## What the task requires
Beneath this line are the data; copy exactly the part of them that opens with the line containing "record 'a halg" and closes with the line containing "halg \<Rightarrow> 'a", and only that part.

Data records
++++++++

lemma hweight_le_puncture:
  assumes "x \<in> vecs n"
  shows "hweight n x \<le> k + hweight (n - k) (puncture k x)"
proof -
  let ?P = "{i. i < n - k \<and> puncture k x i \<noteq> 0}"
  have "{i. i < n \<and> x i \<noteq> 0} \<subseteq> {..<k} \<union> (\<lambda>i. i + k) ` ?P"
  proof
    fix i assume i: "i \<in> {i. i < n \<and> x i \<noteq> 0}"
    show "i \<in> {..<k} \<union> (\<lambda>i. i + k) ` ?P"
    proof (cases "i < k")
      case False
      then have "i = (i - k) + k" "i - k \<in> ?P"
        using i by (auto simp: puncture_def)
      then show ?thesis by blast
    qed simp
  qed
  then have "hweight n x \<le> card ({..<k} \<union> (\<lambda>i. i + k) ` ?P)"
    unfolding hweight_def by (intro card_mono) auto
  also have "\<dots> \<le> card {..<k} + card ((\<lambda>i. i + k) ` ?P)"
    by (rule card_Un_le)
  also have "\<dots> \<le> k + card ?P"
    using card_image_le[of ?P "\<lambda>i. i + k"] by simp
  finally show ?thesis by (simp add: hweight_def)
qed

lemma hweight_puncture_ge:
  assumes "has_distance n V D" "V \<subseteq> vecs n" "x \<in> V" "puncture k x \<noteq> 0"
  shows "D - k \<le> hweight (n - k) (puncture k x)"
proof -
  have "x \<noteq> 0" using assms(4) by (auto simp: puncture_def)
  then have "D \<le> hweight n x" using assms(1,3) by (simp add: has_distance_def)
  then show ?thesis using hweight_le_puncture[of x n k] assms(2,3) by auto
qed

lemma inj_on_puncture:
  assumes "fv.subspace V" "has_distance n V D" "k < D"
  shows "inj_on (puncture k) V"
  using ff.linear_inj_on_iff_eq_0[OF linear_puncture assms(1)] has_distance_eq_0[OF assms(2) _ _ assms(3)]
  by (simp add: puncture_eq_0_iff)

subsection \<open>Punctured and shortened codes\<close>

definition shortened :: "nat \<Rightarrow> (nat \<Rightarrow> 'a::zero) set \<Rightarrow> (nat \<Rightarrow> 'a) set" where
  "shortened k C = puncture k ` {c \<in> C. truncate k c = 0}"
(* For every Euler–Venn diagram $d$ and all finite multisets $\Gamma,\Delta$ of compound diagrams, the following rules are sound (validity of all premisses implies validity of the conclusion): $(\mathrm{det}L)$ from $d,\Gamma\Rightarrow E(d)$ and $V(d),\Gamma\Rightarrow\Delta$ infer $d,\Gamma\Rightarrow\Delta$; $(\mathrm{det}R)$ from $E(d),\Gamma\Rightarrow V(d)$ infer $\Gamma\Rightarrow\Delta,d$.
   Context: Fix a countably infinite set $\mathcal V$ of propositional variables. A Heyting algebra $(H,\vee,\wedge,\to,0,1)$ is a bounded distributive lattice with a binary operation $\to$ such that $c\wedge a\le b\iff c\le a\to b$; $-a:=a\to0$; empty meets are $1$, empty joins $0$. A valuation is a map $v:\mathcal V\to H$. For a finite $L\subset\mathcal V$, a zone over $L$ is a pair $z=(\mathrm{in}(z),\mathrm{out}(z))$ of disjoint subsets of $L$ with union $L$; $\mathcal Z(L)$ is the set of all zones over $L$; $v(z)=\bigwedge_{c\in\mathrm{in}(z)}v(c)\wedge\bigwedge_{c\in\mathrm{out}(z)}-v(c)$ and $m_v(z)=\big(\bigwedge_{c\in\mathrm{in}(z)}v(c)\big)\to\big(\bigvee_{c\in\mathrm{out}(z)}v(c)\big)$. Unitary diagrams are of three kinds: Venn diagrams $d=(L,\mathcal Z(L),S)$, $S\subseteq\mathcal Z(L)$ shaded, $[\![d]\!]_v=\bigvee_{z\in S}v(z)$; pure Euler diagrams $d=(L,Z)$, $Z\subseteq\mathcal Z(L)$ visible zones, missing zones $M(d)=\mathcal Z(L)\setminus Z$, $[\![d]\!]_v=\bigwedge_{z\in M(d)}m_v(z)$; Euler–Venn diagrams $d=(L,Z,S)$ with $S\subseteq Z\subseteq\mathcal Z(L)$, with associated pure Euler diagram $E(d)=(L,Z)$ and Venn diagram $V(d)=(L,\mathcal Z(L),S)$, and $[\![d]\!]_v=[\![E(d)]\!]_v\to[\![V(d)]\!]_v$. Compound diagrams are built from unitary ones with $\wedge,\vee,\to$, interpreted by meet, join and Heyting implication. A sequent $\Gamma\Rightarrow\Delta$ (finite multisets of compound diagrams) is valid iff for every Heyting algebra and valuation $v$, $\bigwedge_{D\in\Gamma}[\![D]\!]_v\le\bigvee_{E\in\Delta}[\![E]\!]_v$. *)

theory Defs
  imports Main "HOL-Library.Multiset"
begin

record 'a halg =
  carrier :: "'a set"
  hjoin :: "'a \<Rightarrow> 'a \<Rightarrow> 'a"
  hmeet :: "'a \<Rightarrow> 'a \<Rightarrow> 'a"
  himp  :: "'a \<Rightarrow> 'a \<Rightarrow> 'a"
  hbot  :: 'a
  htop  :: 'a

definition hle :: "'a halg \<Rightarrow> 'a \<Rightarrow> 'a \<Rightarrow> bool" where
  "hle H a b \<longleftrightarrow> hmeet H a b = a"

definition heyting :: "'a halg \<Rightarrow> bool" where
  "heyting H \<longleftrightarrow>
     hbot H \<in> carrier H \<and> htop H \<in> carrier H \<and>
     (\<forall>a\<in>carrier H. \<forall>b\<in>carrier H.
        hjoin H a b \<in> carrier H \<and> hmeet H a b \<in> carrier H \<and> himp H a b \<in> carrier H) \<and>
     (\<forall>a\<in>carrier H. \<forall>b\<in>carrier H.
        hjoin H a b = hjoin H b a \<and> hmeet H a b = hmeet H b a \<and>
        hjoin H a (hmeet H a b) = a \<and> hmeet H a (hjoin H a b) = a) \<and>
     (\<forall>a\<in>carrier H. \<forall>b\<in>carrier H. \<forall>c\<in>carrier H.
        hjoin H a (hjoin H b c) = hjoin H (hjoin H a b) c \<and>
        hmeet H a (hmeet H b c) = hmeet H (hmeet H a b) c \<and>
        hmeet H a (hjoin H b c) = hjoin H (hmeet H a b) (hmeet H a c)) \<and>
     (\<forall>a\<in>carrier H. hjoin H a (hbot H) = a \<and> hmeet H a (htop H) = a) \<and>
     (\<forall>a\<in>carrier H. \<forall>b\<in>carrier H. \<forall>c\<in>carrier H.
        hle H (hmeet H c a) b \<longleftrightarrow> hle H c (himp H a b))"
(* Let $\mathcal T$ consist of projective objects and let $f\in\mathcal A(X,Y)$ be an epimorphism in $\mathcal A$. The following are equivalent: (1) $\overline f$ is an epimorphism in $\underline{\mathcal A}$; (2) for every morphism $h:X\to T$ with $T\in\mathcal T$, there is a morphism $\tilde h:X\to h(\ker f)$ that coincides with $h$ on $\ker(f)$. If moreover $\mathcal T$ is covariantly finite, these are also equivalent to: (3) for every (equivalently, for some) $\mathcal T$-preenvelope $\mu^X:X\to T^X$, there is a morphism $\tilde\mu:X\to\mu^X(\ker f)$ that coincides with $\mu^X$ on $\ker(f)$.
   Context: $\mathcal A$ is abelian, $\mathcal T$ a full additive subcategory closed under finite direct sums and direct summands consisting of projective objects; $\underline{\mathcal A}=\mathcal A/\langle\mathcal T\rangle$ is the stable category and $\overline f$ the class of $f$. For a subobject $\kappa:K\hookrightarrow X$ and a morphism $h:X\to T$, $h(K)$ denotes the image of $h\kappa$, with canonical inclusion $j:h(K)\hookrightarrow T$; a morphism $\tilde h:X\to h(K)$ is said to coincide with $h$ on $K$ if $j\tilde h\kappa=h\kappa$. *)

theory Defs
  imports Main
begin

++++++++

## Answer to the exercise
record 'a halg =
  carrier :: "'a set"
  hjoin :: "'a \<Rightarrow> 'a \<Rightarrow> 'a"
  hmeet :: "'a \<Rightarrow> 'a \<Rightarrow> 'a"
  himp  :: "'a \<Rightarrow> 'a \<Rightarrow> 'a"
  hbot  :: 'a
  htop  :: 'a

definition hle :: "'a halg \<Rightarrow> 'a \<Rightarrow> 'a \<Rightarrow> bool" where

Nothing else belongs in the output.